- **Task goal**
Let your answer be the line containing "unfolding vec_eq_iff matrix_matrix_mult_def" and every line below it to the end of the records, copied exactly.

- **Data provided**
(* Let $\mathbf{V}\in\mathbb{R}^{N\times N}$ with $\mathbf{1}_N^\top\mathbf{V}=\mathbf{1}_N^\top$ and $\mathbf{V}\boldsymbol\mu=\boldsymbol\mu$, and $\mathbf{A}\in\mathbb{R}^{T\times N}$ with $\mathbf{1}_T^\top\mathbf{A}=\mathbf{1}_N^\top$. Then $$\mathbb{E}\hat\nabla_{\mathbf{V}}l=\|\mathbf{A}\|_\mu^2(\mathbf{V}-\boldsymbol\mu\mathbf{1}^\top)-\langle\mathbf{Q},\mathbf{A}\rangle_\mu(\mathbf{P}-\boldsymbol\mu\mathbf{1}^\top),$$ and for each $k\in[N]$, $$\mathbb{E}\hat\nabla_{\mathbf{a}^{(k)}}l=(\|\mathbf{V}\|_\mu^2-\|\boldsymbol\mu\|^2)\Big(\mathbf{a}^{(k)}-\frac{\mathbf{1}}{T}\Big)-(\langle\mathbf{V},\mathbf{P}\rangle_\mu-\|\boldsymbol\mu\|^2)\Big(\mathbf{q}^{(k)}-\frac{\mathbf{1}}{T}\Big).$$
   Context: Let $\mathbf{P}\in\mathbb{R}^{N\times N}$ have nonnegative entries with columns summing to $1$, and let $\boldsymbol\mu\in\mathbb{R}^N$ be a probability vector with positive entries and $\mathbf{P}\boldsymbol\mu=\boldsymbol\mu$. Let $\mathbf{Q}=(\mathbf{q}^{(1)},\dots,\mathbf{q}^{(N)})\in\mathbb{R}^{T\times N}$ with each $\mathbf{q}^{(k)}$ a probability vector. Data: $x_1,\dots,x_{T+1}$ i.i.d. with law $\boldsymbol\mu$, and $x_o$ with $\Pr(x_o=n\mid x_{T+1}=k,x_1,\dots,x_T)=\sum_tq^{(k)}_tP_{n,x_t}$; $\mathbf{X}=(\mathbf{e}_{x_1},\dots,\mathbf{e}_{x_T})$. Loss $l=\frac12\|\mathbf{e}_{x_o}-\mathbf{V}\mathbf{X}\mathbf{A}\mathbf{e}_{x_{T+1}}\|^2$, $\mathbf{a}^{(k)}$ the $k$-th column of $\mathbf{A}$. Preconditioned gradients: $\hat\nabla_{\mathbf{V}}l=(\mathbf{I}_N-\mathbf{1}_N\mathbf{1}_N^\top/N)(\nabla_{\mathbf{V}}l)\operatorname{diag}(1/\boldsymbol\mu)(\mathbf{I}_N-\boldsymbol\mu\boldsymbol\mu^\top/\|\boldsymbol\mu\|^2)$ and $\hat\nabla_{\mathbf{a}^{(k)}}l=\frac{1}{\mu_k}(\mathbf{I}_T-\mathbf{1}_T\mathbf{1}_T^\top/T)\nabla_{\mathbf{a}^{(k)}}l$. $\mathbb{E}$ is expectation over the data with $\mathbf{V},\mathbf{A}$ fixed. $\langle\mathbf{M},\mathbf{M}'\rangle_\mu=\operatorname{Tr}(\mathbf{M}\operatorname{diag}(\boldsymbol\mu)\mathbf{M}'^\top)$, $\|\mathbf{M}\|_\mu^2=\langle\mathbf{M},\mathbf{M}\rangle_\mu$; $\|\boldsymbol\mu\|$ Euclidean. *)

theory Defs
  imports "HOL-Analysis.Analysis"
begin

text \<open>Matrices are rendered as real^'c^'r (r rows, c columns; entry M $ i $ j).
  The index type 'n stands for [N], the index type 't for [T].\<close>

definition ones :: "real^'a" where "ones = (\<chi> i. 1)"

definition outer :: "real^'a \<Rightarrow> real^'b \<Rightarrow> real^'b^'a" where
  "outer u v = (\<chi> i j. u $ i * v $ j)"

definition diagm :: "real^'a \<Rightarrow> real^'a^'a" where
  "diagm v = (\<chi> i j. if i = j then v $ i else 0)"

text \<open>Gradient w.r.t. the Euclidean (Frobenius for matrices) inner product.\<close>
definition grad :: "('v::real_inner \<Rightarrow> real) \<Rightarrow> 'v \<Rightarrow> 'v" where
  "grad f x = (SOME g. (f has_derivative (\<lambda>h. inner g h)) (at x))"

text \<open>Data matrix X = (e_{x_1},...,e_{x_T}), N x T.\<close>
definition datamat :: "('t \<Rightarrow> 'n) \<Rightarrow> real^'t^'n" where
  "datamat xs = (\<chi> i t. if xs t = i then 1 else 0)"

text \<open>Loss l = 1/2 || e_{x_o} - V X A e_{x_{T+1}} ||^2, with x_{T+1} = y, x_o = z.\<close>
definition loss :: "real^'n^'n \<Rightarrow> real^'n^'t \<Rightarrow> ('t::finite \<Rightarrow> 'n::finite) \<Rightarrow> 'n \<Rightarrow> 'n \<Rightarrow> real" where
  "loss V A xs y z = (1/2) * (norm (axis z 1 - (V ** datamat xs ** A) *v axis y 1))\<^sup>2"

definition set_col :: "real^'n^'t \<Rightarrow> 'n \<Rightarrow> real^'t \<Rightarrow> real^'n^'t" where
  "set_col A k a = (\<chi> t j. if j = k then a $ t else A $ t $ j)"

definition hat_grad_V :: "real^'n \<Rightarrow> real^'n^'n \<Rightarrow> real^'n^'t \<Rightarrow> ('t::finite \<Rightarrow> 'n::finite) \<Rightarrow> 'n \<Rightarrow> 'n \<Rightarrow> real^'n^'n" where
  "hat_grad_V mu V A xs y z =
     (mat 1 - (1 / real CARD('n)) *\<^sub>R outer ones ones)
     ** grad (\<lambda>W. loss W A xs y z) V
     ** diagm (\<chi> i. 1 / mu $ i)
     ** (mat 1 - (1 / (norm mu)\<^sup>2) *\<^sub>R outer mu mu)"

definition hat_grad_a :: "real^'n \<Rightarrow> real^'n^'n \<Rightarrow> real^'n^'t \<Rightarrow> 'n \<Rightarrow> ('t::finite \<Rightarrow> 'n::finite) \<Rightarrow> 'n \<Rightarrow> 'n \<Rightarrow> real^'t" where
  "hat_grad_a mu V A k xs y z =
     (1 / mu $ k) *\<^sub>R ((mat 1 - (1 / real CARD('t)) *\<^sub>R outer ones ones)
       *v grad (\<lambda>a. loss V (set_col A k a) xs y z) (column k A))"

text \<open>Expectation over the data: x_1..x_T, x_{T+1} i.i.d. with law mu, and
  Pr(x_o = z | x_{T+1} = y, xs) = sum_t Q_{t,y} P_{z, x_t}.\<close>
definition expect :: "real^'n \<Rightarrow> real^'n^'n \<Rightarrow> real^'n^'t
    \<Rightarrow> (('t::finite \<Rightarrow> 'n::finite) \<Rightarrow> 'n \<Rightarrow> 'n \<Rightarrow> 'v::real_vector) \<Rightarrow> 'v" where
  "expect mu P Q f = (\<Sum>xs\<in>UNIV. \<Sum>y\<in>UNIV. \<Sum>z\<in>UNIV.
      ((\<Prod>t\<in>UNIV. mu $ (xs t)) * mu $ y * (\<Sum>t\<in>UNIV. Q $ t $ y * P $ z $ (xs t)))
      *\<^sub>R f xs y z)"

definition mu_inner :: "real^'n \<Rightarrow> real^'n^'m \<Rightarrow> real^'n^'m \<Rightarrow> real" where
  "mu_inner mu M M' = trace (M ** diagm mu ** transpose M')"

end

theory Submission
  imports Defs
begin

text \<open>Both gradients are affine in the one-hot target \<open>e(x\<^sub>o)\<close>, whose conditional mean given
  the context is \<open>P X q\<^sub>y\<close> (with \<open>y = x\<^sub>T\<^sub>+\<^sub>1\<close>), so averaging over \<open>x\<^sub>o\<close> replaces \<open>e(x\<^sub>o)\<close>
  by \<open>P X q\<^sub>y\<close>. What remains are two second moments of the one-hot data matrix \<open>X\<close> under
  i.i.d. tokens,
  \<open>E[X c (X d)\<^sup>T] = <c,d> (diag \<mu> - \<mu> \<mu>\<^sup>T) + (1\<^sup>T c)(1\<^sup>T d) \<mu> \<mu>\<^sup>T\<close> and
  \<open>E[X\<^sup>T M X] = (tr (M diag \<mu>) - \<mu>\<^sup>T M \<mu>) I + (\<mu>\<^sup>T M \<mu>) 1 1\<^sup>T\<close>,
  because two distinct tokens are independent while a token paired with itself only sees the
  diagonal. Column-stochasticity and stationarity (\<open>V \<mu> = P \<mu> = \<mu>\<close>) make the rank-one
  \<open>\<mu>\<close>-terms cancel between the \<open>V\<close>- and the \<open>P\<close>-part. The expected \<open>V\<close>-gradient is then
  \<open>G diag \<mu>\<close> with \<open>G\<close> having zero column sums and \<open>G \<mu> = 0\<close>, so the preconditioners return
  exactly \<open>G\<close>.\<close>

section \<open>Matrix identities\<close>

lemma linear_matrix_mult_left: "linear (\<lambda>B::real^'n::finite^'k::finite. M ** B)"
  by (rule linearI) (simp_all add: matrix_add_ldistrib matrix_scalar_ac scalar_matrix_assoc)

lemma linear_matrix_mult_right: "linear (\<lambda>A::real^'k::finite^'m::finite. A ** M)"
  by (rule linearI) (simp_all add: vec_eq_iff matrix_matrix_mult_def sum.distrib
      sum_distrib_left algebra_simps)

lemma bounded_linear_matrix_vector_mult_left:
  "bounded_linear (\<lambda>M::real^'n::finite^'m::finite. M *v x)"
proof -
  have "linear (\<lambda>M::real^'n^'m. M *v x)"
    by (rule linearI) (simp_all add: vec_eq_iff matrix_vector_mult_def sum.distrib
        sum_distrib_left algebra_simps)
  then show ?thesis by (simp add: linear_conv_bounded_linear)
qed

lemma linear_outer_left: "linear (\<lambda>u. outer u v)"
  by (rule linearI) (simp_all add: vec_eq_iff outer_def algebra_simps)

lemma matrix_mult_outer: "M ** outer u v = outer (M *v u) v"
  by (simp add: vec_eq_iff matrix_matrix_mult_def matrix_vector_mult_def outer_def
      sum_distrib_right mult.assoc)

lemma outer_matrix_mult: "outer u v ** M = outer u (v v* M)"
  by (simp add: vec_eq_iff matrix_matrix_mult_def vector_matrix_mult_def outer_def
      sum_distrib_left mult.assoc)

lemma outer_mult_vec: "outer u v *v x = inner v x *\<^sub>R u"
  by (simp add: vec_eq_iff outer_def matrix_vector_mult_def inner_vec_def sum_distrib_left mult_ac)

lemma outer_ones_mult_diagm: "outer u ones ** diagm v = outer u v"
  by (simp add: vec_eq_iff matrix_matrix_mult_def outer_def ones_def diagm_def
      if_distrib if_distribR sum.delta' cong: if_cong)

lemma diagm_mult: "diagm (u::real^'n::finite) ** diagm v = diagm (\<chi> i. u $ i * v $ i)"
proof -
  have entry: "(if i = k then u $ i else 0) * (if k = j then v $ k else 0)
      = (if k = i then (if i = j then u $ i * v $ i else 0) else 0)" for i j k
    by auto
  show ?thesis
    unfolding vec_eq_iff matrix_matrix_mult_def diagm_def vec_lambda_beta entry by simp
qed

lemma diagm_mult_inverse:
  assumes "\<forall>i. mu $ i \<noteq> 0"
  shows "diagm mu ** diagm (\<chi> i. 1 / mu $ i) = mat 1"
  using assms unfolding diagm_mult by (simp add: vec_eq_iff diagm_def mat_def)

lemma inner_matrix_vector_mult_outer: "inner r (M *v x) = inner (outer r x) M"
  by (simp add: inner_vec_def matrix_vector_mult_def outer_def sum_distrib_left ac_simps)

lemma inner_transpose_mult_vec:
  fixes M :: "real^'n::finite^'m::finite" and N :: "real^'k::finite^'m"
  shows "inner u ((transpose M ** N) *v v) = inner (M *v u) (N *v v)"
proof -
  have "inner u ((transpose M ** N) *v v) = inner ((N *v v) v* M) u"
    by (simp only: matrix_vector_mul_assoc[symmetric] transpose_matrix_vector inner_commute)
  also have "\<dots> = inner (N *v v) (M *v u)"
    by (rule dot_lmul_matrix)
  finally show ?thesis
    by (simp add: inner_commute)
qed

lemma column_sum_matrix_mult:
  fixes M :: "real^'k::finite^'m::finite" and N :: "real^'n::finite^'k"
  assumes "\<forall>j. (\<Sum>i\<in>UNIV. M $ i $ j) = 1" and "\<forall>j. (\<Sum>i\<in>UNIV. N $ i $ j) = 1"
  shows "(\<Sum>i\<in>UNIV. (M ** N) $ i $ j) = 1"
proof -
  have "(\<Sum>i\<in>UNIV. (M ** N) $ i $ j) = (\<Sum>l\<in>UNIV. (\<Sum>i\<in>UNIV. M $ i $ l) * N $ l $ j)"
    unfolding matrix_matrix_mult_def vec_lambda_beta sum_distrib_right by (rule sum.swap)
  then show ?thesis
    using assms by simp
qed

- **Written reply**
    unfolding vec_eq_iff matrix_matrix_mult_def diagm_def vec_lambda_beta entry by simp
qed

lemma diagm_mult_inverse:
  assumes "\<forall>i. mu $ i \<noteq> 0"
  shows "diagm mu ** diagm (\<chi> i. 1 / mu $ i) = mat 1"
  using assms unfolding diagm_mult by (simp add: vec_eq_iff diagm_def mat_def)

lemma inner_matrix_vector_mult_outer: "inner r (M *v x) = inner (outer r x) M"
  by (simp add: inner_vec_def matrix_vector_mult_def outer_def sum_distrib_left ac_simps)

lemma inner_transpose_mult_vec:
  fixes M :: "real^'n::finite^'m::finite" and N :: "real^'k::finite^'m"
  shows "inner u ((transpose M ** N) *v v) = inner (M *v u) (N *v v)"
proof -
  have "inner u ((transpose M ** N) *v v) = inner ((N *v v) v* M) u"
    by (simp only: matrix_vector_mul_assoc[symmetric] transpose_matrix_vector inner_commute)
  also have "\<dots> = inner (N *v v) (M *v u)"
    by (rule dot_lmul_matrix)
  finally show ?thesis
    by (simp add: inner_commute)
qed

lemma column_sum_matrix_mult:
  fixes M :: "real^'k::finite^'m::finite" and N :: "real^'n::finite^'k"
  assumes "\<forall>j. (\<Sum>i\<in>UNIV. M $ i $ j) = 1" and "\<forall>j. (\<Sum>i\<in>UNIV. N $ i $ j) = 1"
  shows "(\<Sum>i\<in>UNIV. (M ** N) $ i $ j) = 1"
proof -
  have "(\<Sum>i\<in>UNIV. (M ** N) $ i $ j) = (\<Sum>l\<in>UNIV. (\<Sum>i\<in>UNIV. M $ i $ l) * N $ l $ j)"
    unfolding matrix_matrix_mult_def vec_lambda_beta sum_distrib_right by (rule sum.swap)
  then show ?thesis
    using assms by simp
qed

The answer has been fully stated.